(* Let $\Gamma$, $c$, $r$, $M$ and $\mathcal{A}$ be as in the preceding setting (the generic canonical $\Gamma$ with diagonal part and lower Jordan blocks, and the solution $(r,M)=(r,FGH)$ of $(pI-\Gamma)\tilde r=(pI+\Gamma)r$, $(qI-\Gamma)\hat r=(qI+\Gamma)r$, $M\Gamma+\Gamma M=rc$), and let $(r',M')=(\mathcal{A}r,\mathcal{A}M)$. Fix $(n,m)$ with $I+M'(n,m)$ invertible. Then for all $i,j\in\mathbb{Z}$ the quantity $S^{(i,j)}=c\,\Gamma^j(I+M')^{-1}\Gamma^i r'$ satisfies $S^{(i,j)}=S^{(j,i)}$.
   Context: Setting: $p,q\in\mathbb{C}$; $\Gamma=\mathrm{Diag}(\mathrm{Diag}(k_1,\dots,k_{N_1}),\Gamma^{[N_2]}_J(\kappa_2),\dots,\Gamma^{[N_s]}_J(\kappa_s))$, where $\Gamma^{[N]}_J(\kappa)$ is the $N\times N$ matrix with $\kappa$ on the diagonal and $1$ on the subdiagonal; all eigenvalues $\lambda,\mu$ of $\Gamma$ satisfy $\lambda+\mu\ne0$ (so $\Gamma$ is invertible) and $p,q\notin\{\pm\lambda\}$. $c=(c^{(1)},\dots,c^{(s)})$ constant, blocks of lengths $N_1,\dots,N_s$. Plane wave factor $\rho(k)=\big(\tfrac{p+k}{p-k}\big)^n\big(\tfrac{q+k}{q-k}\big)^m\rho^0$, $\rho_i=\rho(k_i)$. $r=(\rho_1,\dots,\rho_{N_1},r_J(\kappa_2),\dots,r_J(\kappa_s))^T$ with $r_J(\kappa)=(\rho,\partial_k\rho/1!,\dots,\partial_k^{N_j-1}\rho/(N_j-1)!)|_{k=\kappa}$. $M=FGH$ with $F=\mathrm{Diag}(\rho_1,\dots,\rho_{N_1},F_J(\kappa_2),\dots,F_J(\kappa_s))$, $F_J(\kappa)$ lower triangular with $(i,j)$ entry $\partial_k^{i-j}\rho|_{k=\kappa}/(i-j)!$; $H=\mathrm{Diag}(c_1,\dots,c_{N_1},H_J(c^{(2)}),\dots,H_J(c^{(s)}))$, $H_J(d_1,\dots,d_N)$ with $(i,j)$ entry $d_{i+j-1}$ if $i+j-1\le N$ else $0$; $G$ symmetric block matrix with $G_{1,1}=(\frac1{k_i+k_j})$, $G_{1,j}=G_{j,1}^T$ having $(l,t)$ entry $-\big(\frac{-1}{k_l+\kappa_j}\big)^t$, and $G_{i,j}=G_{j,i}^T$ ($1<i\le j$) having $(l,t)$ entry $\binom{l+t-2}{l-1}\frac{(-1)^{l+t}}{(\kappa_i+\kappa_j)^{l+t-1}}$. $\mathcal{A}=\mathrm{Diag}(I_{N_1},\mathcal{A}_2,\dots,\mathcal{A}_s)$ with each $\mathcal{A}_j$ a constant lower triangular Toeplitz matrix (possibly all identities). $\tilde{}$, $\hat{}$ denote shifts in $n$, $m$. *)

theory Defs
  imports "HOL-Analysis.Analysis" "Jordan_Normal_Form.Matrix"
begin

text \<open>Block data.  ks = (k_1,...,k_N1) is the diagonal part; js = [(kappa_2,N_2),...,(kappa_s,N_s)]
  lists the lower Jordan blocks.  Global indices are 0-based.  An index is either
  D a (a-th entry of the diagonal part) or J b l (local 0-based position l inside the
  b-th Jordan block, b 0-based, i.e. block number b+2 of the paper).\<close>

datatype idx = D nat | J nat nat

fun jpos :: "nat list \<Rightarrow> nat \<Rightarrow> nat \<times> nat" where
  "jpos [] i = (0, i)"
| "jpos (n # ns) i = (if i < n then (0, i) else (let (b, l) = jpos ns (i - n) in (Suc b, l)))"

* * *

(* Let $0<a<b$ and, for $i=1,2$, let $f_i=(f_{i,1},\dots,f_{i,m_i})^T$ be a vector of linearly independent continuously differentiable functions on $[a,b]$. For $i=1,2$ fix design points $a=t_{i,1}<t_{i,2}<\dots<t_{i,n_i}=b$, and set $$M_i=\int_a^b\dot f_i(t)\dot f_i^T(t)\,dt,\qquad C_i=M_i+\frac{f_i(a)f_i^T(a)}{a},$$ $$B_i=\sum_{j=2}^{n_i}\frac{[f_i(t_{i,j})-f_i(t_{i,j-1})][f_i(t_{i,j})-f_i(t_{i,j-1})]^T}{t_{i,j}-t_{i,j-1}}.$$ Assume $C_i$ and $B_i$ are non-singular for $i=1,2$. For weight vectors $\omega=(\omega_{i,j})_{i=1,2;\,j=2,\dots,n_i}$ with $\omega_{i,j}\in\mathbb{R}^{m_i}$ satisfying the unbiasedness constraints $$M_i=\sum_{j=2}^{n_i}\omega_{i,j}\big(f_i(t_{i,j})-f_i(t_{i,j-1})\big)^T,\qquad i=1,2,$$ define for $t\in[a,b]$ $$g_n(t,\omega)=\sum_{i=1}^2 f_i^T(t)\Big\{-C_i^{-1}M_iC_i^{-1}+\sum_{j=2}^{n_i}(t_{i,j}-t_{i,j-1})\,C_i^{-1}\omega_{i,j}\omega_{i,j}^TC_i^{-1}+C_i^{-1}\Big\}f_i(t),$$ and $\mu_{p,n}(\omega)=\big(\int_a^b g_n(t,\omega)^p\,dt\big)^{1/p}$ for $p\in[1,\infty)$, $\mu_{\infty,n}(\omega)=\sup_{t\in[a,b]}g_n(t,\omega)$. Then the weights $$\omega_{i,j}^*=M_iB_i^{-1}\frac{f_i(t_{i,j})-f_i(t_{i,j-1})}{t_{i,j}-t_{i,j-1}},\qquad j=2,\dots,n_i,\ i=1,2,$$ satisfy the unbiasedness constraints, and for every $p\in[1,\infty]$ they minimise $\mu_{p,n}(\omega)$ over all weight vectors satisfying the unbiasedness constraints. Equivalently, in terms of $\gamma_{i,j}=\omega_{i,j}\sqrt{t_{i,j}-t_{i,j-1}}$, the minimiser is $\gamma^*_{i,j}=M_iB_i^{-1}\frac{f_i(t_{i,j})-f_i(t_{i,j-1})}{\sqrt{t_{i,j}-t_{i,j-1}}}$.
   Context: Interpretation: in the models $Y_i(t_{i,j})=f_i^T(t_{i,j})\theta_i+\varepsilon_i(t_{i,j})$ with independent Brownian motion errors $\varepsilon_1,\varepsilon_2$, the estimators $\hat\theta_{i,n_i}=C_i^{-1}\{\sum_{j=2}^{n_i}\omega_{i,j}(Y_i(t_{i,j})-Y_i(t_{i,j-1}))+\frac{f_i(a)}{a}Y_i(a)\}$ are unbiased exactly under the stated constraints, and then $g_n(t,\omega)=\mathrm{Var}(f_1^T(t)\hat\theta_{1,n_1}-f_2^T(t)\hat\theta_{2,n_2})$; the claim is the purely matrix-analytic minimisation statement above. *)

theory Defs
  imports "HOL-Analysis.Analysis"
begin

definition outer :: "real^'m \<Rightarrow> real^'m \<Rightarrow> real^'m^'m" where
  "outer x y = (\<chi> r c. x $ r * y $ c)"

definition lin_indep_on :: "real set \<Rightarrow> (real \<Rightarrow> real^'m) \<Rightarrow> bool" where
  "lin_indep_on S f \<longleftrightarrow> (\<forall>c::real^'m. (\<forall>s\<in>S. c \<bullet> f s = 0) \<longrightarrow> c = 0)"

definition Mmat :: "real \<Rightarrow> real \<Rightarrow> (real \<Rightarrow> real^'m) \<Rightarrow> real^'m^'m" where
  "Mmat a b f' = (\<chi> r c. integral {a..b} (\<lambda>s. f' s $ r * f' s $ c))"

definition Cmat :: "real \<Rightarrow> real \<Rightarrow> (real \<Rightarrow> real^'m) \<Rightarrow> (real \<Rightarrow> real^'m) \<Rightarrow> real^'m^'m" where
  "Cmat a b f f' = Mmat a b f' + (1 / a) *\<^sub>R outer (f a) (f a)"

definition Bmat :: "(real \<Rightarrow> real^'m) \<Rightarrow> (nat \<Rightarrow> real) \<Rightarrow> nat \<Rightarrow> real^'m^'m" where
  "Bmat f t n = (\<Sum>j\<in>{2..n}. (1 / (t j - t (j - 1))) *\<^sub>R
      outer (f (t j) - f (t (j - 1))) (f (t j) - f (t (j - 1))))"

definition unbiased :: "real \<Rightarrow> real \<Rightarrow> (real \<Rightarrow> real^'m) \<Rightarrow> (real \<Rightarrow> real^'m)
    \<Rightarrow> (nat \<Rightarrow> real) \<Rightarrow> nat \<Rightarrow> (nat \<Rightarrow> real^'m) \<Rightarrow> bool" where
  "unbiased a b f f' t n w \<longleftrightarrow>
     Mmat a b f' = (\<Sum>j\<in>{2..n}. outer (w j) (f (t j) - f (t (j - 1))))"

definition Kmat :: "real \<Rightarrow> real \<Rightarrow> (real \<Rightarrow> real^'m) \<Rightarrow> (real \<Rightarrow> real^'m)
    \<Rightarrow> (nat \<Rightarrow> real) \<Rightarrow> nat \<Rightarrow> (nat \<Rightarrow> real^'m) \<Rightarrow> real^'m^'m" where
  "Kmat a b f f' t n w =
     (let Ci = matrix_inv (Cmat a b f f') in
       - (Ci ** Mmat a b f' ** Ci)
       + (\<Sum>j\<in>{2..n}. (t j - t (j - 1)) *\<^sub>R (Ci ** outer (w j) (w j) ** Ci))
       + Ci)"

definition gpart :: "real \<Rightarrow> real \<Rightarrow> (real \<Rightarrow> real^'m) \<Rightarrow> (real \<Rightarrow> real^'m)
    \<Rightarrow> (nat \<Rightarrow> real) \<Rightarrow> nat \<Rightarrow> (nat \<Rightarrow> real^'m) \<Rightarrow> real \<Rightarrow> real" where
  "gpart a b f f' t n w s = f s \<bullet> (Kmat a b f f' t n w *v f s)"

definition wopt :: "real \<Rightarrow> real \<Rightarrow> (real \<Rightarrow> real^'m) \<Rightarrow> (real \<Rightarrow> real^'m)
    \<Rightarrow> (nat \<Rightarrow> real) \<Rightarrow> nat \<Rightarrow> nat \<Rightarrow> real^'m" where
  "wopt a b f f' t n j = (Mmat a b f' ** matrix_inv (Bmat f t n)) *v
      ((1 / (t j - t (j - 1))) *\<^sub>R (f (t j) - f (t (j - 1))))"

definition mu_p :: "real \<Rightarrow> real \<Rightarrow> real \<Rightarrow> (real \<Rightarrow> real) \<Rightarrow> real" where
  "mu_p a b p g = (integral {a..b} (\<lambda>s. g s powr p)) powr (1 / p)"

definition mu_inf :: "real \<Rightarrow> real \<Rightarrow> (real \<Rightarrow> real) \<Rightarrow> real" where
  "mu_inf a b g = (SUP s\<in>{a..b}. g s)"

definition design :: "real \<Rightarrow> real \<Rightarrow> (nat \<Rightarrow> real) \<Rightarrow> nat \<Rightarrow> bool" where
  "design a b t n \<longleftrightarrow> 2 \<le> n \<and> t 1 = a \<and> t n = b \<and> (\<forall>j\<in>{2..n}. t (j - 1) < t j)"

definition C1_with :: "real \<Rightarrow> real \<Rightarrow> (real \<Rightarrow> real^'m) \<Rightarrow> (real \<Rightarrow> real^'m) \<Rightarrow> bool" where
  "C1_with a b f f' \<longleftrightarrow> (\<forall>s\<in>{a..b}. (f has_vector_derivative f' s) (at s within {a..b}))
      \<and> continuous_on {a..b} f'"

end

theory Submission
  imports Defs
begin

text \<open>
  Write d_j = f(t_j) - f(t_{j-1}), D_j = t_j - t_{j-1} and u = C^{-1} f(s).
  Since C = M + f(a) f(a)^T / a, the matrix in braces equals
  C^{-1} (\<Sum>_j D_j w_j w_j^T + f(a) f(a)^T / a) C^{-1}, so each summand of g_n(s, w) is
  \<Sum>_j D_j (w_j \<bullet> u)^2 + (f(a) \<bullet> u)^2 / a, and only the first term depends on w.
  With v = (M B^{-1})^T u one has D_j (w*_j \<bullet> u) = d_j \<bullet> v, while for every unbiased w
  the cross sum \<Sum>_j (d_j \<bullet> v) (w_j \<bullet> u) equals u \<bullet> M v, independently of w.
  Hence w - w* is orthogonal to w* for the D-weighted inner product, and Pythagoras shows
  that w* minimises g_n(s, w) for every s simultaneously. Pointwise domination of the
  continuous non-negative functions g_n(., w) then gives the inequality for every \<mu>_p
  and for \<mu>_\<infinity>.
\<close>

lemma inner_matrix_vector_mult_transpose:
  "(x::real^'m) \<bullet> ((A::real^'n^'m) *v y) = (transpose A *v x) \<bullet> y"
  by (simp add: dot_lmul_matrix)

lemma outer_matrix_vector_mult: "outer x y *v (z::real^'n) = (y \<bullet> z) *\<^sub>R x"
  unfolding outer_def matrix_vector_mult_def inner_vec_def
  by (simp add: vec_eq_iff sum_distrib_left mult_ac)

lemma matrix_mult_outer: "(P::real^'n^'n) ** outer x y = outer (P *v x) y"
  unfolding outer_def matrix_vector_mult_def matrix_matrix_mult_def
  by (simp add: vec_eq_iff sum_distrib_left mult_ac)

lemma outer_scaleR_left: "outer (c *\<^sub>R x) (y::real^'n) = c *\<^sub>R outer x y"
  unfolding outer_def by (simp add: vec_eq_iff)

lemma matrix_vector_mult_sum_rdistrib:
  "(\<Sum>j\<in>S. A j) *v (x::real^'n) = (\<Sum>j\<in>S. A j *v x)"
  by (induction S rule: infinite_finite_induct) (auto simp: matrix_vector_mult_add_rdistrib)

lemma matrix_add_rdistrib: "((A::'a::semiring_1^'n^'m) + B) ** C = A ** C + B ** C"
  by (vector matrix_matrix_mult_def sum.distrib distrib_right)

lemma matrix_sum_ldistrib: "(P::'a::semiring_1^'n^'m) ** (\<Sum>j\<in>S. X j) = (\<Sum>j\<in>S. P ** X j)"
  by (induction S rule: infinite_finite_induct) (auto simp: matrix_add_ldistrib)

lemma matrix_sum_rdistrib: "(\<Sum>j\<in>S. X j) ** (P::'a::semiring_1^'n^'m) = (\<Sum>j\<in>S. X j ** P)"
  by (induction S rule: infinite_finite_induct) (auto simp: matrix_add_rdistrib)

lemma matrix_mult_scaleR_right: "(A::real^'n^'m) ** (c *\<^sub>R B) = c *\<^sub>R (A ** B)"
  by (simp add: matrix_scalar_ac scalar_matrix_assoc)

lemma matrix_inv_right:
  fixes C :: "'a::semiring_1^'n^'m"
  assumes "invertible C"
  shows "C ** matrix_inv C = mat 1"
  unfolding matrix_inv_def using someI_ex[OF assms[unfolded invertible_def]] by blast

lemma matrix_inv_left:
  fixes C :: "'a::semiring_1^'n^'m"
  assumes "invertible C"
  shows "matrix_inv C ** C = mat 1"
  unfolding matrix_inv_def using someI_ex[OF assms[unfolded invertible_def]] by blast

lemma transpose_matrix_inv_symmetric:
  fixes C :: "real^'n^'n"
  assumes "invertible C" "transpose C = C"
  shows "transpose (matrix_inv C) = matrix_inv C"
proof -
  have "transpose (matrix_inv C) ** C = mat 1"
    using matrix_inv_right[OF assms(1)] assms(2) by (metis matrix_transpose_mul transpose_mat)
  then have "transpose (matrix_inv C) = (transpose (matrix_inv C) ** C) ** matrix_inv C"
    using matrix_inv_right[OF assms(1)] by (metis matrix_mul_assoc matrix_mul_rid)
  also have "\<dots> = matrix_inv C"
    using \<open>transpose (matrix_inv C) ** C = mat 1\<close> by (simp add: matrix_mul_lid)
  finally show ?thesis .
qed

...

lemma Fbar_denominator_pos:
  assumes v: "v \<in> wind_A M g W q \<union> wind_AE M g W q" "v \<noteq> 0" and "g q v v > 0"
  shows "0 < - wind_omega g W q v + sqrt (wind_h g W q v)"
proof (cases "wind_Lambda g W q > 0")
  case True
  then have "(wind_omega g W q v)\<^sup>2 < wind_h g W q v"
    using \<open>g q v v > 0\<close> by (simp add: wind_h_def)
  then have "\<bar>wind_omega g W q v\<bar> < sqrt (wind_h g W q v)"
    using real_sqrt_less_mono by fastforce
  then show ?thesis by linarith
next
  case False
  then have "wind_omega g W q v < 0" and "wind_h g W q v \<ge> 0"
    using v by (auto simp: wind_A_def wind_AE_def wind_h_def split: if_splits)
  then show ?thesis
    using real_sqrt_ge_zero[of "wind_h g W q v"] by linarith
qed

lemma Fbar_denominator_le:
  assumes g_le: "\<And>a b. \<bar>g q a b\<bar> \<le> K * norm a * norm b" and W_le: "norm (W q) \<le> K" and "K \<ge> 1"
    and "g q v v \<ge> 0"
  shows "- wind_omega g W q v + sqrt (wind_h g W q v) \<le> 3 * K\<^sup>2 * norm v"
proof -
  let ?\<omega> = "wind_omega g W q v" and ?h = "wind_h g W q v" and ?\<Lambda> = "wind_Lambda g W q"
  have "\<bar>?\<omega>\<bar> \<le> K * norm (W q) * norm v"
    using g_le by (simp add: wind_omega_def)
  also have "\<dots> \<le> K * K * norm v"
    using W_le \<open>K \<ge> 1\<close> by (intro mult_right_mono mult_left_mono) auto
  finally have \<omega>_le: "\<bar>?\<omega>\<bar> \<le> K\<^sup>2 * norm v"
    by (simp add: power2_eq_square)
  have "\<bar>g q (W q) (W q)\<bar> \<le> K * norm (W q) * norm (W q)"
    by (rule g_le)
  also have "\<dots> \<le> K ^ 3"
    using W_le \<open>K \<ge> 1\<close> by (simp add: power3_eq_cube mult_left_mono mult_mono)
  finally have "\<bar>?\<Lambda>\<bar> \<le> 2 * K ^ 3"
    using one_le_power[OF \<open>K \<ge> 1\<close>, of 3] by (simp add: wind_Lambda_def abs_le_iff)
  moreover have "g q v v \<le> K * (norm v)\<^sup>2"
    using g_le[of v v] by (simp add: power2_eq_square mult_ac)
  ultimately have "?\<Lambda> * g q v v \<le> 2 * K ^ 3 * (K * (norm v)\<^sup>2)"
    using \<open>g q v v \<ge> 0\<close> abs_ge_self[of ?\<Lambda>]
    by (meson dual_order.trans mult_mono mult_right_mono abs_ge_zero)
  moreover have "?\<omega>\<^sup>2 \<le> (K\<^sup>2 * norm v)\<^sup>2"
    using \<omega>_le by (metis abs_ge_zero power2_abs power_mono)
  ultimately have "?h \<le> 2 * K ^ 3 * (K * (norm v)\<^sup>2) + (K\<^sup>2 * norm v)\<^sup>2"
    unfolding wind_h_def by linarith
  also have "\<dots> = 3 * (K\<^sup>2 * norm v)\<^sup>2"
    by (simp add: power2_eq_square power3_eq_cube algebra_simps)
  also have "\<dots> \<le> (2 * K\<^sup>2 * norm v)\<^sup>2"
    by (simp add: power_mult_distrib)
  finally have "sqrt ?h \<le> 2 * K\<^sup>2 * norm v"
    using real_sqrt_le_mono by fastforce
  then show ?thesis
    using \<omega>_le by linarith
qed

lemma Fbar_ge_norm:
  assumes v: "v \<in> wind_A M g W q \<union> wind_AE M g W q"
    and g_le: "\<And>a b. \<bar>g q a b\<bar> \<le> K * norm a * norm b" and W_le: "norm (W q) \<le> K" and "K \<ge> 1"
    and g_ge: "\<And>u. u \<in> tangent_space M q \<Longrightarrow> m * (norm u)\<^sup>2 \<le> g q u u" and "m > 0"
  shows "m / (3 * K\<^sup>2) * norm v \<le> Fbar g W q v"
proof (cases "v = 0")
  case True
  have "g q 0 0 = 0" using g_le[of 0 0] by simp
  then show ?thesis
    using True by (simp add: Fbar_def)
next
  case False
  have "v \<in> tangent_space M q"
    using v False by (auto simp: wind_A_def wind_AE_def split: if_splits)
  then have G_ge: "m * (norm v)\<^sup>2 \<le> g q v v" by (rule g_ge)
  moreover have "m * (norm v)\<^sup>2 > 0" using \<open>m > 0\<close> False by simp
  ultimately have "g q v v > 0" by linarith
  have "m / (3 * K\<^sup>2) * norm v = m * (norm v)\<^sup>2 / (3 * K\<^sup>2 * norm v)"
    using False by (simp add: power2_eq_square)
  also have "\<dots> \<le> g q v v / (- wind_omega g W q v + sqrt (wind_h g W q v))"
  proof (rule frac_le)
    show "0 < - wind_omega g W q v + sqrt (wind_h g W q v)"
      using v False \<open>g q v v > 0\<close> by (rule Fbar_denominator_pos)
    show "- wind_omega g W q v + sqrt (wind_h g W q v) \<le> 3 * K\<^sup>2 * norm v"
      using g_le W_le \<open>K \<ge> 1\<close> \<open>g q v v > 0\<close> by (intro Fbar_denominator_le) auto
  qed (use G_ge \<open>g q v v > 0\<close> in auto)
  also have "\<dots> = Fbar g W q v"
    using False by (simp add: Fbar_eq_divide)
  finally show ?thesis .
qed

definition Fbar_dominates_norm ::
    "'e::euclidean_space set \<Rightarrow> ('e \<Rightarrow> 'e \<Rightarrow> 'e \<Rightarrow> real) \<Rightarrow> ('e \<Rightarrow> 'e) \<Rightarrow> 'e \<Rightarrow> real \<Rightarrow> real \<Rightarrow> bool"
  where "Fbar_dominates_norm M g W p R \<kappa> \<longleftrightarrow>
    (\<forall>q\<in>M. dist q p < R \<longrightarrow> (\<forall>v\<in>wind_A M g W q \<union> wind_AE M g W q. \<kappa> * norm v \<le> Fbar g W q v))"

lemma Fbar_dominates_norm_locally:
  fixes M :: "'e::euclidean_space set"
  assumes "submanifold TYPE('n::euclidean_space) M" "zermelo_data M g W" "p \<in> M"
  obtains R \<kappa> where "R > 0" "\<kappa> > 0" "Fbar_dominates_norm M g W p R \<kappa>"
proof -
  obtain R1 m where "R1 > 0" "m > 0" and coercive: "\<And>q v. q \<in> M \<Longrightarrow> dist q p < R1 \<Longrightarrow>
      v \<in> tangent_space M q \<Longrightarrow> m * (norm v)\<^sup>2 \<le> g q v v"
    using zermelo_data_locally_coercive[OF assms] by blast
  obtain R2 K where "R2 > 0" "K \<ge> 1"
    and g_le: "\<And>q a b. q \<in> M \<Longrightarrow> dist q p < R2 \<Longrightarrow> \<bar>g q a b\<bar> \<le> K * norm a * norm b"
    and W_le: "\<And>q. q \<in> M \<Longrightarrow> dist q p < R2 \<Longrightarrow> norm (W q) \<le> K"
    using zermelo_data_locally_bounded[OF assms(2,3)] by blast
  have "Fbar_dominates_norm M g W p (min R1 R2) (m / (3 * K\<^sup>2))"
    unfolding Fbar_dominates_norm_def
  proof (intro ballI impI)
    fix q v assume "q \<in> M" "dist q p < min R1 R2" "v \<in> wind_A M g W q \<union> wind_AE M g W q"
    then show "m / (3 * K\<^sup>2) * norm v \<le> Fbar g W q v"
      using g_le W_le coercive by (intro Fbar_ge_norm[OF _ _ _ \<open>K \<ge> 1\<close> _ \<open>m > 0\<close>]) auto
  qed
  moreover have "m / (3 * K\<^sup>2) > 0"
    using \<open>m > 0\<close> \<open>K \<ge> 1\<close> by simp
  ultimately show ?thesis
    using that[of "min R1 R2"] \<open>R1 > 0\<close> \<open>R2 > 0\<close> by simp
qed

Your objective:
Read through the entries, then copy every line where the string "False" is found.

Output below:
  case False
  case False
    using v False by (auto simp: wind_A_def wind_AE_def split: if_splits)
  moreover have "m * (norm v)\<^sup>2 > 0" using \<open>m > 0\<close> False by simp
    using False by (simp add: power2_eq_square)
      using v False \<open>g q v v > 0\<close> by (rule Fbar_denominator_pos)
    using False by (simp add: Fbar_eq_divide)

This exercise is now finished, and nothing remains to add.